Le point sur les principales mesures fiscales intervenues en 2012

dans

2ème loi de finance rectificative pour 2012

  • Instauration d’une contribution exceptionnelle sur la fortune pour les personnes titulaires au 1er janvier 2012 d’un patrimoine net au moins égal à 1 300 000 euros.

Contribution calculée en appliquant au montant du patrimoine net retenu pour le calcul de l’ISF 2012 le barème de l’ISF 2011 à savoir :

– Pour une valeur nette n’excédant pas 800 000 euros : 0%
– Entre 800 000 et 1 310 000 : 0.55%
– Entre 1 310 000 et 2 570 000 : 0.75%
– Entre 2 570 000 et 4 040 000 : 1
– Entre 4 040 000 et 7 710 000 : 1.3%
– Entre 7 710 000 et 16 790 000 : 1.65%
– Supérieure à 16 790 000 : 1.80%

La contribution exceptionnelle est ensuite égale à la différence entre le résultat obtenu et le montant de l’ISF dû au titre de l’année 2012 avant imputation, le cas échéant, des réductions d’impôt.

  • Abaissement de l’abattement en ligne directe en matière de droits de mutation : Abaissement de 159 325 à 100 000 euros.

Cette mesure est applicable aux successions ouvertes et donations consenties à compter de la date de publication de la loi au journal officiel (le 17 août 2012).

L’abattement en faveur des handicapés reste en revanche égal à 159 325 euros.

  • Rappel fiscal des donations antérieures : Allongement du délai de rappel fiscal de 10 à 15 ans et suppression des mesures de lissage.
  • Exonération des dons familiaux en espèce : Allongement du délai pour bénéficier de nouveau de l’exonération : délai porté à 15 ans.
  • Fiscalité des heures supplémentaires : suppression de la déduction forfaitaire des cotisations patronales applicable aux heures supplémentaires dans les entreprises employant au moins 20 salariés.
  • Stocks options et attributions gratuites d’actions : Augmentation du niveau des prélèvements sociaux sur les stocks options et attributions gratuites d’actions = passage de 8 à 10% pour la contribution salariale et de 14 à 30% pour la contribution patronale.

 

1er loi de finance rectificative pour 2012

  • Impôt sur le revenu, conséquences d’un mariage ou d’un PACS: Substitution en cas de changement de situation matrimoniale d’une imposition unique (au choix des contribuables) à la place des impositions multiples.
  • Plus-values mobilières : Aménagement du nouveau régime de report d’imposition : suppression de l’interdiction d’exercice des fonctions de direction pour le contribuable et les membres de son groupe familial.
  • Prélèvements sociaux sur les revenus du patrimoine et les produits de placement : Passage du taux global des prélèvements sociaux de 13.5 à 15.5%.

 

Loi de finance pour 2012 et loi de finance rectificative pour 2011

  • Instauration d’une contribution exceptionnelle sur les hauts revenus : égale à 3% pour les revenus compris entre 250 000 et 500 000 euros et 4% au-delà.
  • Calcul de l’ISF : entrée en vigueur des modalités de calcul telles que définies par la réforme de la fiscalité du patrimoine.
  • Modification du régime de placement en assurance vie : Répartition de l’abattement prévu par l’article 990 I du CGI entre usufruitier et nu propriétaire en cas de démembrement de la clause bénéficiaire.

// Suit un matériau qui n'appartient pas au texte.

lemma coin_event:
  assumes "1 \<le> n" shows "{\<omega> \<in> space M. coin n \<omega>} \<in> events"
proof -
  have "(\<lambda>\<omega>. of_bool (coin n \<omega>) :: real) \<in> borel_measurable M"
    using bspec[OF family_measurable, of "Inr n"] assms by simp
  from measurable_sets[OF this, of "{1}"] show ?thesis
    by (simp add: vimage_def Int_def conj_commute)
qed

lemma AE_xi0_gt_1: "AE \<omega> in M. \<forall>z. 1 < xi0 z \<omega>"
proof (subst AE_all_countable, intro allI)
  fix z
  have "AE \<omega> in M. \<omega> \<in> {\<omega> \<in> space M. 1 < xi0 z \<omega>}" by (rule AE_prob_1) (simp add: pareto)
  then show "AE \<omega> in M. 1 < xi0 z \<omega>" by (rule eventually_mono) auto
qed

lemma prob_marked_exceedance:
  assumes z: "1 \<le> z" and x: "1 \<le> x"
  shows "prob ({\<omega> \<in> space M. coin z \<omega>} \<inter> {\<omega> \<in> space M. x < xi0 (int z) \<omega>}) = p z * x powr (-\<alpha>)"
proof -
  define X :: "int + nat \<Rightarrow> 'a \<Rightarrow> real"
    where "X i \<omega> = (case i of Inl z \<Rightarrow> xi0 z \<omega> | Inr n \<Rightarrow> of_bool (coin n \<omega>))" for i \<omega>
  define B :: "int + nat \<Rightarrow> real set" where "B i = (case i of Inl _ \<Rightarrow> {x<..} | Inr _ \<Rightarrow> {1})" for i
  have "prob (\<Inter>i\<in>{Inl (int z), Inr z}. X i -` B i \<inter> space M)
      = (\<Prod>i\<in>{Inl (int z), Inr z}. prob (X i -` B i \<inter> space M))"
    by (rule indep_varsD[OF indep[folded X_def]]) (use z in \<open>auto simp: B_def\<close>)
  moreover have "X (Inr z) -` B (Inr z) \<inter> space M = {\<omega> \<in> space M. coin z \<omega>}"
    and "X (Inl (int z)) -` B (Inl (int z)) \<inter> space M = {\<omega> \<in> space M. x < xi0 (int z) \<omega>}"
    by (auto simp: X_def B_def)
  ultimately show ?thesis using z x by (simp add: coin_prob pareto Int_commute)
qed

definition site_events :: "nat \<Rightarrow> 'a set set" where
  "site_events z = sigma_sets (space M)
     ({xi0 (int z) -` A \<inter> space M | A. A \<in> sets borel} \<union>
      {(\<lambda>\<omega>. of_bool (coin z \<omega>) :: real) -` A \<inter> space M | A. A \<in> sets borel})"

lemma indep_site_events: "indep_sets site_events {1..}"
proof -
  define X :: "int + nat \<Rightarrow> 'a \<Rightarrow> real"
    where "X i \<omega> = (case i of Inl z \<Rightarrow> xi0 z \<omega> | Inr n \<Rightarrow> of_bool (coin n \<omega>))" for i \<omega>
  define E where "E i = {X i -` A \<inter> space M | A. A \<in> sets (borel :: real measure)}" for i
  define I where "I z = {Inl (int z), Inr z}" for z :: nat
  have "indep_sets (\<lambda>z. sigma_sets (space M) (\<Union>i\<in>I z. E i)) {1..}"
  proof (rule indep_sets_collect_sigma)
    have "indep_sets E (range Inl \<union> Inr ` {1..})"
      using indep unfolding indep_vars_def2 E_def X_def by auto
    then show "indep_sets E (\<Union>j\<in>{1..}. I j)"
      by (rule indep_sets_mono_index[rotated]) (auto simp: I_def)
    show "Int_stable (E i)" for i
    proof (rule Int_stableI)
      fix a b assume "a \<in> E i" "b \<in> E i"
      then obtain A B where "A \<in> sets borel" "B \<in> sets borel"
        "a = X i -` A \<inter> space M" "b = X i -` B \<inter> space M" unfolding E_def by blast
      then show "a \<inter> b \<in> E i" unfolding E_def by (intro CollectI exI[of _ "A \<inter> B"]) auto
    qed
    show "disjoint_family_on I {1..}"
      unfolding disjoint_family_on_def I_def by auto
  qed
  moreover have "sigma_sets (space M) (\<Union>i\<in>I z. E i) = site_events z" for z
    unfolding site_events_def I_def E_def X_def by (simp add: Un_commute)
  ultimately show ?thesis by simp
qed

lemma no_marked_exceedance_site_event:
  "space M - ({\<omega> \<in> space M. coin z \<omega>} \<inter> {\<omega> \<in> space M. x < xi0 (int z) \<omega>}) \<in> site_events z"
proof -
  have "{\<omega> \<in> space M. coin z \<omega>} \<in> site_events z"
    unfolding site_events_def
    by (intro sigma_sets.Basic UnI2 CollectI exI[of _ "{1}"]) auto
  moreover have "{\<omega> \<in> space M. x < xi0 (int z) \<omega>} \<in> site_events z"
    unfolding site_events_def
    by (intro sigma_sets.Basic UnI1 CollectI exI[of _ "{x<..}"]) auto
  ultimately have "(space M - {\<omega> \<in> space M. coin z \<omega>}) \<union>
      (space M - {\<omega> \<in> space M. x < xi0 (int z) \<omega>}) \<in> site_events z"
    unfolding site_events_def by (intro sigma_sets_Un sigma_sets.Compl)
  then show ?thesis by (simp add: Diff_Int)
qed

lemma no_marked_exceedance_event:
  assumes "J \<subseteq> {1..}" "finite J"
  shows "{\<omega> \<in> space M. \<forall>z\<in>J. \<not> (coin z \<omega> \<and> x < xi0 (int z) \<omega>)} \<in> events"
proof (rule sets.sets_Collect_finite_All[OF _ assms(2)])
  fix z assume "z \<in> J"
  then have "{\<omega> \<in> space M. coin z \<omega>} \<in> events" using assms by (intro coin_event) auto
  then show "{\<omega> \<in> space M. \<not> (coin z \<omega> \<and> x < xi0 (int z) \<omega>)} \<in> events"
    by (auto simp: Collect_neg_eq Diff_Int[symmetric] intro!: sets.compl_sets)
qed

lemma prob_no_marked_exceedance:
  assumes J: "finite J" "J \<subseteq> {1..}" and x: "1 \<le> x"
  shows "prob {\<omega> \<in> space M. \<forall>z\<in>J. \<not> (coin z \<omega> \<and> x < xi0 (int z) \<omega>)}
    = (\<Prod>z\<in>J. 1 - p z * x powr (-\<alpha>))"
proof (cases "J = {}")
  case True
  then show ?thesis by (simp add: prob_space)
next
  case False
  define G where "G z = {\<omega> \<in> space M. coin z \<omega>} \<inter> {\<omega> \<in> space M. x < xi0 (int z) \<omega>}" for z
  have G: "G z \<in> events" if "z \<in> J" for z
    using coin_event that J unfolding G_def by auto
  have "prob (\<Inter>z\<in>J. space M - G z) = (\<Prod>z\<in>J. prob (space M - G z))"
    by (rule indep_setsD[OF indep_site_events J(2) False J(1)])
       (simp add: G_def no_marked_exceedance_site_event)
  also have "\<dots> = (\<Prod>z\<in>J. 1 - p z * x powr (-\<alpha>))"
  proof (rule prod.cong)
    fix z assume "z \<in> J"
    then show "prob (space M - G z) = 1 - p z * x powr (-\<alpha>)"
      using J x prob_compl[OF G] unfolding G_def by (auto simp: prob_marked_exceedance)
  qed simp
  also have "(\<Inter>z\<in>J. space M - G z) = {\<omega> \<in> space M. \<forall>z\<in>J. \<not> (coin z \<omega> \<and> x < xi0 (int z) \<omega>)}"
    using False unfolding G_def by blast
  finally show ?thesis .
qed

lemma prob_no_marked_site_le:
  assumes \<theta>: "0 < \<theta>" "1 \<le> \<theta> * A" and r: "r = A powr \<alpha>"
    and L: "1 \<le> L" "\<And>z. L \<le> z \<Longrightarrow> 1/2 \<le> p z" and Lr: "2 * real L \<le> \<theta> / 2 * r"
  shows "prob {\<omega> \<in> space M. \<forall>z\<in>{L..nat \<lfloor>\<theta>/2 * r\<rfloor>}. \<not> (coin z \<omega> \<and> \<theta> * A < xi0 (int z) \<omega>)}
    \<le> exp (- (\<theta> powr (1-\<alpha>) / 8))"
proof -
  define J where "J = {L..nat \<lfloor>\<theta>/2 * r\<rfloor>}"
  define w where "w = (\<theta> * A) powr (-\<alpha>)"
  have A: "0 < A" using \<theta> zero_less_mult_pos[of \<theta> A] by linarith
  have w_eq: "w = \<theta> powr (-\<alpha>) / r"
    unfolding w_def r using A \<theta> by (simp add: powr_mult powr_minus_divide)
  have "1 \<le> (\<theta> * A) powr \<alpha>" using \<theta> alpha by (intro ge_one_powr_ge_zero) auto
  then have w: "0 \<le> w" "w \<le> 1" unfolding w_def powr_minus_divide by (auto simp: divide_le_eq)
  have card_J: "\<theta>/2 * r / 2 \<le> real (card J)"
  proof -
    have le: "L \<le> Suc (nat \<lfloor>\<theta>/2 * r\<rfloor>)" and fl: "\<theta>/2 * r - 1 \<le> real (nat \<lfloor>\<theta>/2 * r\<rfloor>)"
      using Lr L by linarith+
    have "card J = Suc (nat \<lfloor>\<theta>/2 * r\<rfloor>) - L" by (simp add: J_def)
    then have "real (card J) = real (nat \<lfloor>\<theta>/2 * r\<rfloor>) + 1 - real L"
      by (simp only: of_nat_diff[OF le] of_nat_Suc)
    then show ?thesis using fl Lr by linarith
  qed
  have "prob {\<omega> \<in> space M. \<forall>z\<in>J. \<not> (coin z \<omega> \<and> \<theta> * A < xi0 (int z) \<omega>)} = (\<Prod>z\<in>J. 1 - p z * w)"
    unfolding w_def by (rule prob_no_marked_exceedance) (use L \<theta> in \<open>auto simp: J_def\<close>)
  also have "\<dots> \<le> exp (- (\<Sum>z\<in>J. p z * w))"
    by (rule prod_one_minus_le_exp_neg_sum) (use p_range w in \<open>auto simp: J_def intro: mult_le_one\<close>)
  also have "\<dots> \<le> exp (- (\<theta> powr (1-\<alpha>) / 8))"
  proof -
    have "\<theta> powr (1-\<alpha>) = \<theta> * \<theta> powr (-\<alpha>)" using \<theta> powr_add[of \<theta> 1 "-\<alpha>"] by simp
    moreover have "0 < r" using A by (simp add: r)
    ultimately have "\<theta> powr (1-\<alpha>) / 8 = (\<theta>/2 * r / 2) * (w / 2)"
      unfolding w_eq by (simp add: field_simps)
    also have "\<dots> \<le> real (card J) * (w / 2)" using card_J w by (intro mult_right_mono) auto
    also have "\<dots> \<le> (\<Sum>z\<in>J. p z * w)"
    proof (rule sum_bounded_below)
      fix z assume "z \<in> J"
      then have "1/2 \<le> p z" using L by (simp add: J_def)
      then show "w / 2 \<le> p z * w" using w mult_right_mono[of "1/2" "p z" w] by simp
    qed
    finally show ?thesis by simp
  qed
  finally show ?thesis unfolding J_def .
qed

Suppression de l’exonération des contrats d’assurance vie souscrits par des non-résidents lors de leur dénouement par décès.

Passage du taux de prélèvement de 20 à 25% pour la fraction des sommes versées excédent 902 838 euros pour les décès intervenus depuis le 31 juillet 2011.

  • Durcissement du régime fiscal des plus-values immobilières : Suppression de l’abattement fixe ;
    Modification de l’abattement pour durée de détention avec une exonération totale au bout de 30 ans.
  • Nouveau mécanisme de report d’imposition des plus-values mobilières codifié sous l’article 150-O D bis du CGI (dirigeants de PME) :

Report sous condition de remploi de 80% au moins du montant de la plus-value dans la souscription de titres de sociétés.

Le dispositif d’abattement reste cependant applicable jusqu’au 31 décembre 2013

  • Augmentation du taux de TVA : Passage du taux de TVA de 5,5 à 7% à l’exception des produits alimentaires, de l’énergie et des biens et services destinés aux handicapés.
  • Rabot de 15% sur l’ensemble des niches fiscales à l’exception des avantages d’incitation à l’emploi et du logement social ultramarin.
  • Régime Scellier : Abaissement de la réduction d’impôt au titre des investissements locatifs Scellier, plafonnement par zone et durcissement des conditions d’application de ce régime.